Berangkat dari tradisi yang sama dengan Manakamana, film dokumenter ini juga mengandalkan pada efek persepsi sensori dan tema yang bersifat sehari-hari. Namun The Iron Ministry tampaknya tidak menginginkan kata ‘konsisten’ menjadi bagian dari formula yang dipakai dalam menyusun film ini, karena terasa sekali film ini begitu eklektik, campur aduk, baik secara naratif maupun dalam pengambilan dan penyusunan gambar-gambarnya. Terkadang film ini bagai pengamatan yang dalam tanpa dialog, tetapi kadang merekam percakapan yang anekdotal, bahkan sesekali si filmmaker (orang Amerika yang fasih berbahasa Cina) bertanya kepada subyek dalam filmnya bagai seorang wartawan.
Film ini menceritakan perjalanan dengan kereta api di Cina, dibuat dalam waktu 3 tahun dalam berbagai macam kereta dan perjalanan, mulai dari kereta yang kumuh dimana penumpang tidur di lantai hingga kereta mewah dengan penumpang berpakaian mentereng. Snediacki memulai dengan pengambilan gambar berlama-lama (long take), tapi ia seperti tidak sabar sendiri. Kameranya mulai bergerak dan menyapu sekitar, tiba pada benda-benda yang ‘penting’ dalam konteks cerita di atas kereta, seperti daging dan lemak binatang yang dibawa masuk ke dalam kereta, anak kecil yang meniru pengumuman kereta dengan gaya bicara formal (tapi isinya ngawur), hingga percakapan antara penumpang beragama Islam dengan penumpang lain tentang kerukunan beragama di Cina(!). Snediacki ikut serta di dalam narasi sebagai seorang yang mengamati dan bertanya-tanya, seperti sedang mengisi waktu ketika sedang melakukan perjalanan bersama dan merasa bosan karena panjangnya waktu perjalanan. Problem kelas dan komentar sosial politik muncul juga dalam berbagai adegan semisal penggambaran kereta mewah, perbandingan gerbong restorasi, dan juga percakapan para pemuda tentang reformasi di Cina dan keinginan untuk beremigrasi karena problem lingkungan hidup yang parah.

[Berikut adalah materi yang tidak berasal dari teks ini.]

text \<open>Each of the s + 1 positions of j in K contributes the same amount, by dx^j \<and> ds_(I j) = ds_I.\<close>
lemma sum_wedge_dx_ds_idx:
  fixes g :: "'n::{finite,linorder} list \<Rightarrow> real"
  assumes anti: "antisym_idx (Suc s) g"
  shows "(\<Sum>K | length K = Suc s. g K * wedge_dx j (ds_idx K) js)
       = of_nat (Suc s) * (\<Sum>I | length I = s. g (I @ [j]) * ds_idx I js)"
proof -
  define T where "T = (\<lambda>R. \<Sum>K | length K = Suc s. g K * ds_form (K @ R))"
  have "(\<Sum>K | length K = Suc s. g K * wedge_dx j (ds_idx K) js) = wedge_dx j T js"
    unfolding sum_wedge_dx T_def ds_idx_def ..
  also have "\<dots> = of_nat (Suc s) * (\<Sum>I | length I = s. g (I @ [j]) * ds_form (I @ js))"
  proof (cases "distinct js \<and> j \<in> set js")
    case True
    then obtain q where q: "q < length js" "js ! q = j"
      by (metis in_set_conv_nth)
    then have js: "js = take q js @ j # drop (Suc q) js"
      by (metis id_take_nth_drop)
    then have "distinct (take q js @ j # drop (Suc q) js)"
      using True by simp
    then have "j \<notin> set (remove_nth q js)"
      by (simp add: remove_nth_def)
    have move: "ds_form (I @ j # remove_nth q js) = (-1) ^ q * ds_form (I @ js)" for I
      using alternating_move[OF alternating_ds_form, of I j "take q js" "drop (Suc q) js"] js q
      by (simp add: remove_nth_def min_def)
    have "wedge_dx j T js = (-1) ^ q * T (remove_nth q js)"
      using True q by (intro wedge_dx_nth) auto
    also have "T (remove_nth q js)
        = of_nat (Suc s) * (\<Sum>I | length I = s. g (I @ [j]) * ds_form (I @ j # remove_nth q js))"
      unfolding T_def by (rule sum_ds_form_extract[OF anti \<open>j \<notin> set (remove_nth q js)\<close>])
    finally show ?thesis
      by (simp add: move sum_distrib_left algebra_simps flip: power_add power_mult_distrib)
  next
    case False
    have "wedge_dx j T js = 0"
      using False wedge_dx_not_in_set alternating_not_distinct alternating_wedge_dx
        alternating_sum_prepend[OF alternating_ds_form] unfolding T_def by blast
    moreover have "g (I @ [j]) * ds_form (I @ js) = 0" if "length I = s" for I
      using antisym_idx_snoc_ds_form_eq_0[OF anti that False] .
    ultimately show ?thesis
      by (simp add: sum.neutral)
  qed
  finally show ?thesis
    by (simp add: ds_idx_def)
qed

section \<open>Antisymmetrization\<close>

lemma antisym_idx_add: "antisym_idx p f \<Longrightarrow> antisym_idx p g \<Longrightarrow> antisym_idx p (\<lambda>I. f I + g I)"
  and antisym_idx_diff: "antisym_idx p f \<Longrightarrow> antisym_idx p g \<Longrightarrow> antisym_idx p (\<lambda>I. f I - g I)"
  and antisym_idx_cmult: "antisym_idx p f \<Longrightarrow> antisym_idx p (\<lambda>I. c * f I)"
  and antisym_idx_multc: "antisym_idx p f \<Longrightarrow> antisym_idx p (\<lambda>I. f I * c)"
  and antisym_idx_sum: "(\<And>x. antisym_idx p (F x)) \<Longrightarrow> antisym_idx p (\<lambda>I. \<Sum>x\<in>S. F x I)"
  unfolding antisym_idx_def by (simp_all add: sum_negf)

lemma antisym_idx_snoc: "antisym_idx (Suc s) g \<Longrightarrow> antisym_idx s (\<lambda>I. g (I @ [j]))"
  unfolding antisym_idx_def
proof (intro allI impI)
  fix xs :: "'a list" and a b
  assume "\<forall>xs a b. length xs = Suc s \<and> a < b \<and> b < Suc s \<longrightarrow> g (xs[a := xs ! b, b := xs ! a]) = - g xs"
    and ab: "length xs = s \<and> a < b \<and> b < s"
  moreover have "(xs @ [j])[a := (xs @ [j]) ! b, b := (xs @ [j]) ! a] = xs[a := xs ! b, b := xs ! a] @ [j]"
    using ab by (simp add: list_update_append nth_append)
  ultimately show "g (xs[a := xs ! b, b := xs ! a] @ [j]) = - g (xs @ [j])"
    by (metis length_append_singleton less_SucI)
qed

lemma map_nth_transpose:
  assumes "length L = p" "a < p" "b < p"
  shows "map (\<lambda>k. L ! Transposition.transpose a b k) [0..<p] = L[a := L ! b, b := L ! a]"
  using assms by (intro nth_equalityI) (auto simp: nth_list_update Transposition.transpose_def)

lemma antisym_idx_swap:
  assumes anti: "antisym_idx p c" and "length L = p" "a < p" "b < p" "a \<noteq> b"
  shows "c (L[a := L ! b, b := L ! a]) = - c L"
proof (cases "a < b")
  case False
  then have "L[a := L ! b, b := L ! a] = L[b := L ! a, a := L ! b]"
    using assms(5) by (simp add: list_update_swap)
  then show ?thesis
    using anti assms False unfolding antisym_idx_def by (simp add: not_less order.strict_iff_order)
qed (use assms in \<open>simp add: antisym_idx_def\<close>)

lemma antisym_idx_permute:
  assumes anti: "antisym_idx p c" and K: "length K = p" and \<pi>: "\<pi> permutes {..<p}"
  shows "c (map (\<lambda>k. K ! \<pi> k) [0..<p]) = of_int (sign \<pi>) * c K"
  using finite_lessThan[of p] \<pi>
proof (induction rule: permutes_rev_induct)
  case id
  have "map (\<lambda>k. K ! id k) [0..<p] = K"
    using K by (intro nth_equalityI) auto
  then show ?case by simp
next
  case (swap a b \<pi>)
  let ?L = "map (\<lambda>k. K ! \<pi> k) [0..<p]"
  have "map (\<lambda>k. K ! (\<pi> \<circ> Transposition.transpose a b) k) [0..<p]
      = map (\<lambda>k. ?L ! Transposition.transpose a b k) [0..<p]"
    using swap(1,2) by (intro map_cong refl) (auto simp: Transposition.transpose_def)
  also have "\<dots> = ?L[a := ?L ! b, b := ?L ! a]"
    using swap(1,2) by (intro map_nth_transpose) auto
  also have "c \<dots> = - c ?L"
    using swap(1-3) by (intro antisym_idx_swap[OF anti]) auto
  also have "sign (\<pi> \<circ> Transposition.transpose a b) = - sign \<pi>"
    using swap(3) permutes_imp_permutation[OF finite_lessThan swap(4)]
    by (simp add: sign_compose permutation_swap_id sign_swap_id)
  ultimately show ?case
    using swap(5) by (simp del: o_apply add: comp_def[symmetric])
qed

lemma alt_permute:
  assumes K: "length K = p" and \<pi>: "\<pi> permutes {..<p}"
  shows "alt f (map (\<lambda>k. K ! \<pi> k) [0..<p]) = of_int (sign \<pi>) * alt f K"
proof -
  let ?P = "{\<rho>. \<rho> permutes {..<p}}"
  define F where "F = (\<lambda>\<rho>. of_int (sign \<rho>) * f (map (\<lambda>k. K ! \<rho> k) [0..<p]))"
  have "alt f (map (\<lambda>k. K ! \<pi> k) [0..<p])
      = (1 / fact p) * (\<Sum>\<rho>\<in>?P. of_int (sign \<rho>) * f (map (\<lambda>k. K ! (\<pi> \<circ> \<rho>) k) [0..<p]))"
    unfolding alt_def using permutes_in_image[of _ "{..<p}"]
    by (auto intro!: sum.cong arg_cong[where f = f] map_cong)
  also have "\<dots> = (1 / fact p) * (\<Sum>\<rho>\<in>?P. of_int (sign \<pi>) * F (\<pi> \<circ> \<rho>))"
  proof (intro arg_cong[where f = "(*) _"] sum.cong refl)
    fix \<rho> assume "\<rho> \<in> ?P"
    then have "sign (\<pi> \<circ> \<rho>) = sign \<pi> * sign \<rho>"
      using \<pi> sign_compose[OF permutes_imp_permutation permutes_imp_permutation] by blast
    then have "(of_int (sign \<rho>) :: real) = of_int (sign \<pi>) * of_int (sign (\<pi> \<circ> \<rho>))"
      by (simp add: mult.assoc[symmetric] sign_idempotent flip: of_int_mult)
    then show "of_int (sign \<rho>) * f (map (\<lambda>k. K ! (\<pi> \<circ> \<rho>) k) [0..<p]) = of_int (sign \<pi>) * F (\<pi> \<circ> \<rho>)"
      by (simp add: F_def)
  qed
  also have "(\<Sum>\<rho>\<in>?P. F (\<pi> \<circ> \<rho>)) = (\<Sum>\<rho>\<in>?P. F \<rho>)"
    using setum_permutations_compose_left[OF \<pi>, of F] by (simp add: comp_def)
  ultimately show ?thesis
    using K by (simp add: alt_def F_def sum_distrib_left[symmetric] mult.left_commute)
qed

lemma antisym_idx_alt: "antisym_idx p (alt f)"
  unfolding antisym_idx_def
proof (intro allI impI)
  fix xs :: "'a list" and a b assume ab: "length xs = p \<and> a < b \<and> b < p"
  then have "Transposition.transpose a b permutes {..<p}"
    by (intro permutes_swap_id) auto
  then have "alt f (map (\<lambda>k. xs ! Transposition.transpose a b k) [0..<p])
      = of_int (sign (Transposition.transpose a b)) * alt f xs"
    using ab by (intro alt_permute) auto
  then show "alt f (xs[a := xs ! b, b := xs ! a]) = - alt f xs"
    using map_nth_transpose[of xs p a b] ab by (simp add: sign_swap_id)
qed

lemma alt_eq_self_if_antisym_idx:
  assumes anti: "antisym_idx p c" and K: "length K = p"
  shows "alt c K = c K"
proof -
  have "alt c K = (1 / fact p) * (\<Sum>\<rho> | \<rho> permutes {..<p}. c K)"
    unfolding alt_def using K antisym_idx_permute[OF anti K]
    by (simp add: mult.assoc[symmetric] flip: of_int_mult)
  also have "\<dots> = c K"
    using card_permutations[of "{..<p}" p] by simp
  finally show ?thesis .
qed

lemma alt_cong: "(\<And>L. length L = length K \<Longrightarrow> f L = g L) \<Longrightarrow> alt f K = alt g K"
  unfolding alt_def by (intro arg_cong[where f = "\<lambda>x. _ * x"] sum.cong refl) simp

lemma alt_add: "alt (\<lambda>L. f L + g L) K = alt f K + alt g K"
  unfolding alt_def by (simp add: sum.distrib algebra_simps)

lemma alt_diff: "alt (\<lambda>L. f L - g L) K = alt f K - alt g K"
  unfolding alt_def by (simp add: sum_subtractf algebra_simps)

lemma alt_cmult: "alt (\<lambda>L. c * f L) K = c * alt f K"
  unfolding alt_def by (simp add: sum_distrib_left algebra_simps)

section \<open>Formal derivatives\<close>

definition finite_order :: "(('n::{finite,linorder},'m::finite) jpt \<Rightarrow> real) \<Rightarrow> bool" where
  "finite_order F \<longleftrightarrow> (\<exists>k. has_order k F)"

lemma finite_multisets_size_le: "finite {J :: 'a::finite multiset. size J \<le> N}"
proof (rule finite_subset)
  show "{J :: 'a multiset. size J \<le> N} \<subseteq> mset ` {xs. set xs \<subseteq> UNIV \<and> length xs \<le> N}"
  proof
    fix J :: "'a multiset" assume "J \<in> {J. size J \<le> N}"
    moreover obtain xs where "mset xs = J"
      using ex_mset by blast
    ultimately show "J \<in> mset ` {xs. set xs \<subseteq> UNIV \<and> length xs \<le> N}"
      by auto
  qed
  show "finite (mset ` {xs :: 'a list. set xs \<subseteq> UNIV \<and> length xs \<le> N})"
    by (intro finite_imageI finite_lists_length_le) simp
qed

lemma has_order_mono: "has_order k F \<Longrightarrow> k \<le> k' \<Longrightarrow> has_order k' F"
  unfolding has_order_def by (meson order_trans)

lemma has_order_ford: "has_order k F \<Longrightarrow> has_order (ford F) F"
  unfolding ford_def by (rule LeastI)

lemma pdy_eq_0_above_order:
  assumes "has_order k F" "k < size J"
  shows "pdy \<sigma> J F P = 0"
proof -
  have "fst (upd_y \<sigma> J t P) = fst P" "\<forall>J'. size J' \<le> k \<longrightarrow> snd (upd_y \<sigma> J t P) J' = snd P J'" for t
    using assms(2) by (auto simp: upd_y_def)
  then have "F (upd_y \<sigma> J t P) = F P" for t
    using assms(1) unfolding has_order_def by blast
  then show ?thesis
    by (simp add: pdy_def)
qed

Dengan gaya yang sulit terumuskan ini, Sniadecki seperti sedang merumuskan ulang esensi mengenai apa yang dianggap “sinematik” dalam film dokumenter. Ia tak seperti Flaherty yang berlaku sebagai seorang petualang mengunjungi bangsa terpencil, eksotis dan menyajikannya dengan cara mengklaim bahwa yang direkamnya adalah faktual. Ia juga tidak mengusahakan representasi lengkap tentang Cina kontemporer lewat filmnya. Bagi saya, ia sedang memperlihatkan bahwa proses perekaman dan penyuntingan pada film dokumenter mungkin hanya bisa mencapai pemahaman yang bersifat keseharian dan hanya bisa dipersepsikan secara terbatas. Serupa belaka dengan pengalaman seorang penumpang kereta juga terbatas dan tidak konsisten.